►
lemma same_margins_cong:
  assumes "\<And>i j. i \<in> I \<Longrightarrow> j \<in> J \<Longrightarrow> A i j = A' i j"
  shows "same_margins I J A B \<longleftrightarrow> same_margins I J A' B"
  using assms by (auto simp: same_margins_def intro!: sum.cong)

lemma qary_matrices_eq: "qary_matrices q m n = matrices_on q {..<m} {..<n}"
  unfolding qary_matrices_def matrices_on_def by auto

lemma margins_eq_same_margins:
  "((\<forall>i<m. row_sum n B i = row_sum n A i) \<and> (\<forall>j<n. col_sum m B j = col_sum m A j))
     \<longleftrightarrow> same_margins {..<m} {..<n} A B"
  by (simp add: same_margins_def row_sum_def col_sum_def lessThan_iff Ball_def)

lemma same_margins_blocks:
  assumes "same_margins I J A B" "R \<subseteq> I" "C \<subseteq> J" "finite I" "finite J"
    and "\<And>i j. i \<in> R \<Longrightarrow> j \<in> J - C \<Longrightarrow> B i j = A i j"
    and "\<And>i j. i \<in> I - R \<Longrightarrow> j \<in> C \<Longrightarrow> B i j = A i j"
  shows "same_margins R C A B" "same_margins (I - R) (J - C) A B"
proof -
  have rows: "(\<Sum>j\<in>T. B i j) = (\<Sum>j\<in>T. A i j)"
    if "i \<in> I" "T = C \<and> i \<in> R \<or> T = J - C \<and> i \<in> I - R" for i T
  proof -
    have "(\<Sum>j\<in>J - T. B i j) = (\<Sum>j\<in>J - T. A i j)"
      using that assms(6,7) by (intro sum.cong) auto
    moreover have "(\<Sum>j\<in>J. B i j) = (\<Sum>j\<in>J. A i j)" using assms(1) that(1) by (simp add: same_margins_def)
    moreover have "T \<subseteq> J" using that assms(3) by auto
    ultimately show ?thesis
      using sum.subset_diff [of T J "B i"] sum.subset_diff [of T J "A i"] assms(5) by simp
  qed
  have cols: "(\<Sum>i\<in>S. B i j) = (\<Sum>i\<in>S. A i j)"
    if "j \<in> J" "S = R \<and> j \<in> C \<or> S = I - R \<and> j \<in> J - C" for j S
  proof -
    have "(\<Sum>i\<in>I - S. B i j) = (\<Sum>i\<in>I - S. A i j)"
      using that assms(6,7) assms(2) by (intro sum.cong) auto
    moreover have "(\<Sum>i\<in>I. B i j) = (\<Sum>i\<in>I. A i j)" using assms(1) that(1) by (simp add: same_margins_def)
    moreover have "S \<subseteq> I" using that assms(2) by auto
    ultimately show ?thesis
      using sum.subset_diff [of S I "\<lambda>i. B i j"] sum.subset_diff [of S I "\<lambda>i. A i j"] assms(4) by simp
  qed
  show "same_margins R C A B" "same_margins (I - R) (J - C) A B"
    unfolding same_margins_def using rows cols assms(2,3) by blast+
qed

lemma switch_breaks_uniqueness:
  assumes A: "A \<in> matrices_on q I J" and sw: "has_switch q I J A" and fin: "finite I" "finite J"
  obtains B where "B \<in> matrices_on q I J" "same_margins I J A B" "B \<noteq> A"
proof -
  obtain a b c d where abcd: "a \<in> I" "b \<in> I" "c \<in> J" "d \<in> J" "a \<noteq> b" "c \<noteq> d"
    "A a c < q - 1" "A b d < q - 1" "0 < A a d" "0 < A b c"
    using sw unfolding has_switch_def by blast
  define \<rho> where "\<rho> x = (if x = a then 1 else if x = b then -1 else 0 :: int)" for x
  define \<gamma> where "\<gamma> y = (if y = c then 1 else if y = d then -1 else 0 :: int)" for y
  define B where "B x y = nat (int (A x y) + \<rho> x * \<gamma> y)" for x y
  have B_int: "int (B x y) = int (A x y) + \<rho> x * \<gamma> y" for x y
    unfolding B_def \<rho>_def \<gamma>_def using abcd by auto
  have \<rho>_sum: "(\<Sum>x\<in>I. \<rho> x) = 0" and \<gamma>_sum: "(\<Sum>y\<in>J. \<gamma> y) = 0"
    using abcd fin by (simp_all add: \<rho>_def \<gamma>_def sum.If_cases Int_absorb1 insert_absorb)
  have "B x y < q" if "x \<in> I" "y \<in> J" for x y
  proof -
    have "A x y < q" using A that by (auto simp: matrices_on_def)
    thus ?thesis using abcd by (auto simp: B_def \<rho>_def \<gamma>_def)
  qed
  hence "B \<in> matrices_on q I J"
    using A abcd unfolding matrices_on_def by (auto simp: B_def \<rho>_def \<gamma>_def)
  moreover have "same_margins I J A B"
    unfolding same_margins_def
  proof (intro conjI ballI)
    fix i assume "i \<in> I"
    have "int (\<Sum>j\<in>J. B i j) = int (\<Sum>j\<in>J. A i j) + \<rho> i * (\<Sum>j\<in>J. \<gamma> j)"
      by (simp add: B_int sum.distrib sum_distrib_left)
    thus "(\<Sum>j\<in>J. B i j) = (\<Sum>j\<in>J. A i j)" by (simp add: \<gamma>_sum del: of_nat_sum)
  next
    fix j assume "j \<in> J"
    have "int (\<Sum>i\<in>I. B i j) = int (\<Sum>i\<in>I. A i j) + (\<Sum>i\<in>I. \<rho> i) * \<gamma> j"
      by (simp add: B_int sum.distrib sum_distrib_right)
    thus "(\<Sum>i\<in>I. B i j) = (\<Sum>i\<in>I. A i j)" by (simp add: \<rho>_sum del: of_nat_sum)
  qed
  moreover have "B a c \<noteq> A a c" using B_int [of a c] abcd by (simp add: \<rho>_def \<gamma>_def)
  ultimately show ?thesis using that by blast
qed

lemma restrict_switch_free:
  assumes A: "A \<in> switch_free q I J" and "S \<subseteq> I" "T \<subseteq> J"
  shows "restrict_mat S T A \<in> switch_free q S T"
proof -
  have "restrict_mat S T A \<in> matrices_on q S T"
    using A assms(2,3) unfolding switch_free_def matrices_on_def restrict_mat_def by auto
  moreover have "\<not> has_switch q S T (restrict_mat S T A)"
  proof
    assume "has_switch q S T (restrict_mat S T A)"
    hence "has_switch q I J A"
      using assms(2,3) unfolding has_switch_def restrict_mat_def by (auto 0 0) (blast+)
    thus False using A unfolding switch_free_def by auto
  qed
  ultimately show ?thesis unfolding switch_free_def by auto
qed

text \<open>A matrix equal to q - 1 outside one row is determined by its margins among matrices with
  entries below q: every other row is forced to be full, and the remaining row by the column sums.\<close>

lemma row_pinned_unique:
  assumes fin: "finite R" "finite C" and i0: "i0 \<in> R"
    and A: "\<forall>i\<in>R. \<forall>j\<in>C. i \<noteq> i0 \<longrightarrow> A i j = q - 1"
    and B: "\<forall>i\<in>R. \<forall>j\<in>C. B i j < q" and margins: "same_margins R C A B"
  shows "\<forall>i\<in>R. \<forall>j\<in>C. B i j = A i j"
proof -
  have other_rows: "B i j = A i j" if "i \<in> R" "j \<in> C" "i \<noteq> i0" for i j
  proof -
    have "(\<Sum>j\<in>C. B i j) = (\<Sum>j\<in>C. A i j)" using margins that(1) by (simp add: same_margins_def)
    thus ?thesis
      by (rule sum_mono_inv) (use that A B fin in fastforce)+
  qed
  have "B i0 j = A i0 j" if "j \<in> C" for j
  proof -
    have "(\<Sum>i\<in>R. B i j) = (\<Sum>i\<in>R. A i j)" using margins that by (simp add: same_margins_def)
    moreover have "(\<Sum>i\<in>R - {i0}. B i j) = (\<Sum>i\<in>R - {i0}. A i j)"
      using other_rows that by (intro sum.cong) auto
    ultimately show ?thesis
      using sum.remove [OF fin(1) i0, of "\<lambda>i. B i j"] sum.remove [OF fin(1) i0, of "\<lambda>i. A i j"] by simp
  qed
  thus ?thesis using other_rows by blast
qed

text \<open>The same for a single column, by transposition.\<close>

lemma col_pinned_unique:
  assumes fin: "finite R" "finite C" and j0: "j0 \<in> C"
    and A: "\<forall>i\<in>R. \<forall>j\<in>C. j \<noteq> j0 \<longrightarrow> A i j = q - 1"
    and B: "\<forall>i\<in>R. \<forall>j\<in>C. B i j < q" and margins: "same_margins R C A B"
  shows "\<forall>i\<in>R. \<forall>j\<in>C. B i j = A i j"
proof -
  have "\<forall>j\<in>C. \<forall>i\<in>R. B i j = A i j"
  proof (rule row_pinned_unique [of C R j0 "\<lambda>j i. A i j" q "\<lambda>j i. B i j"])
    show "same_margins C R (\<lambda>j i. A i j) (\<lambda>j i. B i j)"
      by (rule iffD2 [OF same_margins_transpose margins])
  qed (use fin j0 A B in blast)+
  thus ?thesis by blast
qed

section \<open>The canonical block of a switch-free matrix\<close>

definition nonzero_cols :: "nat set \<Rightarrow> nat set \<Rightarrow> (nat \<Rightarrow> nat \<Rightarrow> nat) \<Rightarrow> nat set" where
  "nonzero_cols I J A = {j\<in>J. \<exists>i\<in>I. A i j \<noteq> 0}"

definition block_rows :: "nat set \<Rightarrow> nat set \<Rightarrow> (nat \<Rightarrow> nat \<Rightarrow> nat) \<Rightarrow> nat set" where
  "block_rows I J A = {i\<in>I. \<forall>j\<in>nonzero_cols I J A. A i j \<noteq> 0}"

definition block_cols :: "nat set \<Rightarrow> nat set \<Rightarrow> (nat \<Rightarrow> nat \<Rightarrow> nat) \<Rightarrow> nat set" where
  "block_cols I J A = {j\<in>nonzero_cols I J A. \<forall>i\<in>I. A i j \<noteq> 0 \<longrightarrow> i \<in> block_rows I J A}"

lemma block_rows_subset: "block_rows I J A \<subseteq> I"
  and block_cols_subset: "block_cols I J A \<subseteq> J"
  by (auto simp: block_rows_def block_cols_def nonzero_cols_def)

definition block_matrices :: "nat \<Rightarrow> nat set \<Rightarrow> nat set \<Rightarrow> (nat \<Rightarrow> nat \<Rightarrow> nat) set" where
  "block_matrices q R C = {A \<in> switch_free q R C. \<forall>i\<in>R. \<forall>j\<in>C. 0 < A i j}"

lemma restrict_block_matrices:
  assumes A: "A \<in> switch_free q I J"
  shows "restrict_mat (block_rows I J A) (block_cols I J A) A
           \<in> block_matrices q (block_rows I J A) (block_cols I J A)"
  using restrict_switch_free [OF A block_rows_subset block_cols_subset]
  unfolding block_matrices_def by (auto simp: restrict_mat_def block_rows_def block_cols_def)

definition pinned :: "nat \<Rightarrow> nat set \<Rightarrow> nat set \<Rightarrow> (nat \<times> nat) set \<Rightarrow> (nat \<Rightarrow> nat \<Rightarrow> nat) set" where
  "pinned q R C S =
     {A \<in> matrices_on q R C. \<forall>i\<in>R. \<forall>j\<in>C. 0 < A i j \<and> ((i, j) \<notin> S \<longrightarrow> A i j = q - 1)}"

lemma pinned_Int: "pinned q R C S \<inter> pinned q R C T = pinned q R C (S \<inter> T)"
  by (auto simp: pinned_def)

lemma pinned_mono: "S \<subseteq> T \<Longrightarrow> pinned q R C S \<subseteq> pinned q R C T"
  by (auto simp: pinned_def)

lemma finite_pinned:
  assumes "finite R" "finite C"
  shows "finite (pinned q R C S)"
  using finite_matrices_on [OF assms, of q] by (rule finite_subset [rotated]) (auto simp: pinned_def)

type_synonym decomposition = "(nat set \<times> nat set) \<times> (nat \<Rightarrow> nat \<Rightarrow> nat) \<times> (nat \<Rightarrow> nat \<Rightarrow> nat)"

definition decompose :: "nat set \<Rightarrow> nat set \<Rightarrow> (nat \<Rightarrow> nat \<Rightarrow> nat) \<Rightarrow> decomposition" where
  "decompose I J A =
     (let R = block_rows I J A; C = block_cols I J A
      in ((R, C), (restrict_mat R C A, restrict_mat (I - R) (J - C) A)))"

definition assemble :: "nat \<Rightarrow> decomposition \<Rightarrow> nat \<Rightarrow> nat \<Rightarrow> nat" where
  "assemble q d = (case d of ((R, C), (B, X)) \<Rightarrow>
     (\<lambda>i j. if i \<in> R then (if j \<in> C then B i j else if \<exists>i'. X i' j \<noteq> 0 then q - 1 else 0)
            else X i j))"

definition decompositions :: "nat \<Rightarrow> nat set \<Rightarrow> nat set \<Rightarrow> decomposition set" where
  "decompositions q I J =
     (SIGMA (R, C) : {(R, C). R \<subseteq> I \<and> C \<subseteq> J \<and> R \<noteq> {} \<and> C \<noteq> {}}.
        block_matrices q R C \<times> switch_free q (I - R) (J - C))"

lemma decompositionE:
  assumes "d \<in> decompositions q I J"
  obtains R C B X where "d = ((R, C), (B, X))" "R \<subseteq> I" "C \<subseteq> J" "R \<noteq> {}" "C \<noteq> {}"
    "B \<in> block_matrices q R C" "X \<in> switch_free q (I - R) (J - C)"
  using assms unfolding decompositions_def by auto

context
  fixes q :: nat
  assumes q2: "2 \<le> q"
begin

text \<open>In a switch-free matrix the supports of any two rows are nested (and likewise for columns).\<close>

lemma switch_free_no_cross:
  assumes A: "A \<in> switch_free q I J" and "i \<in> I" "i' \<in> I" "j \<in> J" "j' \<in> J"
    and "A i j \<noteq> 0" "A i j' = 0" "A i' j = 0" "A i' j' \<noteq> 0"
  shows False
proof -
  have "i \<noteq> i'" "j \<noteq> j'" using assms by auto
  hence "has_switch q I J A" unfolding has_switch_def using assms q2
    by (intro bexI [of _ i] bexI [of _ i'] bexI [of _ j'] bexI [of _ j]) auto
  thus False using A by (simp add: switch_free_def)
qed

text \<open>A row of maximal support is a block row.\<close>

lemma block_rows_nonempty:
  assumes A: "A \<in> switch_free q I J" and fin: "finite J" and i0: "i0 \<in> I"
  shows "block_rows I J A \<noteq> {}"
proof -
  define support where "support i = {j\<in>J. A i j \<noteq> 0}" for i
  have "\<exists>i. i \<in> I \<and> (\<forall>i'. i' \<in> I \<longrightarrow> card (support i') \<le> card (support i))"
    by (rule ex_has_greatest_nat [where b = "Suc (card J)"])
      (use i0 fin in \<open>auto simp: support_def intro: card_mono le_imp_less_Suc\<close>)
  then obtain i where i: "i \<in> I" and max: "\<And>i'. i' \<in> I \<Longrightarrow> card (support i') \<le> card (support i)"
    by blast
  have "i \<in> block_rows I J A"
    unfolding block_rows_def
  proof (intro CollectI conjI ballI i)
    fix j assume "j \<in> nonzero_cols I J A"
    then obtain i' where j: "j \<in> J" "i' \<in> I" "A i' j \<noteq> 0" unfolding nonzero_cols_def by blast
    show "A i j \<noteq> 0"
    proof
      assume j0: "A i j = 0"
      have "support i \<subseteq> support i'"
        using switch_free_no_cross [OF A i j(2) _ j(1)] j j0 unfolding support_def by blast
      hence "support i \<subset> support i'" using j j0 unfolding support_def by blast
      hence "card (support i) < card (support i')" unfolding support_def using fin by (intro psubset_card_mono) auto
      thus False using max [OF j(2)] by simp
    qed
  qed
  thus ?thesis by auto
qed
◄
What you need to do: Check every line above for the string "blast" and state how many have it, with no other words.

The completed task: 11